Winnipeg NSL
- Founded: July 14, 2026; 2 months ago
- Ground: Ralph Cantafio Soccer Complex Winnipeg, Manitoba
- Capacity: 2,000 (current) 5,000 (planned)
- Co-founders: Desiree Scott; Rob Gale;
- President: Dayna Spiring
- Manager: TBA
- League: Northern Super League
- Website: wpgnsl.ca

= Winnipeg NSL team =

Women's soccer team in Winnipeg, Manitoba

Winnipeg NSL is the placeholder name of a professional women's soccer club based in Winnipeg, Manitoba, that will compete in the Northern Super League (NSL), the top women's flight of the Canadian soccer league system. The team will be the seventh NSL franchise, and the first expansion club since league's establishment in 2025, contesting their inaugural season in 2027.

== History ==
In 2025, Valour FC, Winnipeg's men's professional soccer team folded after seven seasons in the Canadian Premier League. Also in 2025, the NSL announced it had launched an expansion process, considering locations in Central and Western Canada, with a targeted entry date of 2027.

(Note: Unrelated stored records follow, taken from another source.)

lemma card_peos_lower_bound:
  assumes "simple_graph V E" "chordal V E"
  shows "2 ^ card V \<le> 2 * card (peos V E)"
  using assms
proof (induction "card V" arbitrary: V E rule: less_induct)
  case less
  note sg = less.prems(1) and ch = less.prems(2)
  let ?P = "\<lambda>v. peos (V - {v}) (induced (V - {v}) E)"
  have finV: "finite V" using sg unfolding simple_graph_def by blast
  have IH: "2 ^ (card V - 1) \<le> 2 * card (?P v)" if "v \<in> V" for v
  proof -
    have "simple_graph (V - {v}) (induced (V - {v}) E)" "chordal (V - {v}) (induced (V - {v}) E)"
      using simple_graph_induced[OF sg] chordal_induced[OF ch] by blast+
    thus ?thesis
      using less.hyps[OF card_Diff1_less[OF finV that]] card_Diff_singleton[OF that] by simp
  qed
  consider "card V = 0" | "card V = 1" | "2 \<le> card V" by linarith
  thus ?case
  proof cases
    case 1
    hence "peos V E = {[]}" using finV unfolding is_peo_def by auto
    thus ?thesis using 1 by simp
  next
    case 2
    then obtain v where V: "V = {v}" using card_1_singletonE by blast
    have "\<not> E v v" using sg unfolding simple_graph_def by blast
    hence "simplicial V E v" using V unfolding simplicial_def is_clique_def by auto
    hence "card (?P v) \<le> card (peos V E)" using card_peos_ge_sum[OF sg, of "{v}"] by simp
    thus ?thesis using IH[of v] V by simp
  next
    case 3
    then obtain a b where ab: "a \<noteq> b" "simplicial V E a" "simplicial V E b"
      using two_simplicial_vertices[OF sg ch] by blast
    have "\<And>v. v \<in> {a, b} \<Longrightarrow> simplicial V E v" using ab by blast
    hence "(\<Sum>v\<in>{a, b}. card (?P v)) \<le> card (peos V E)" by (rule card_peos_ge_sum[OF sg])
    hence "card (?P a) + card (?P b) \<le> card (peos V E)" using ab(1) by simp
    moreover have "(2::nat) ^ card V = 2 ^ (card V - 1) + 2 ^ (card V - 1)"
      using 3 by (cases "card V") auto
    ultimately show ?thesis using IH[of a] IH[of b] ab unfolding simplicial_def by linarith
  qed
qed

In early 2026, Winnipeg-born former Canadian international, who played in the NSL for Ottawa Rapid, Desiree Scott, and former head coach of Valour FC Rob Gale told media they were working to bring a pro women's franchise to Winnipeg. On July 14, 2026, the league announced that the city had been awarded the seventh NSL franchise, with Scott and Gale announced as co-founders and that they would be part of the club's backroom setup.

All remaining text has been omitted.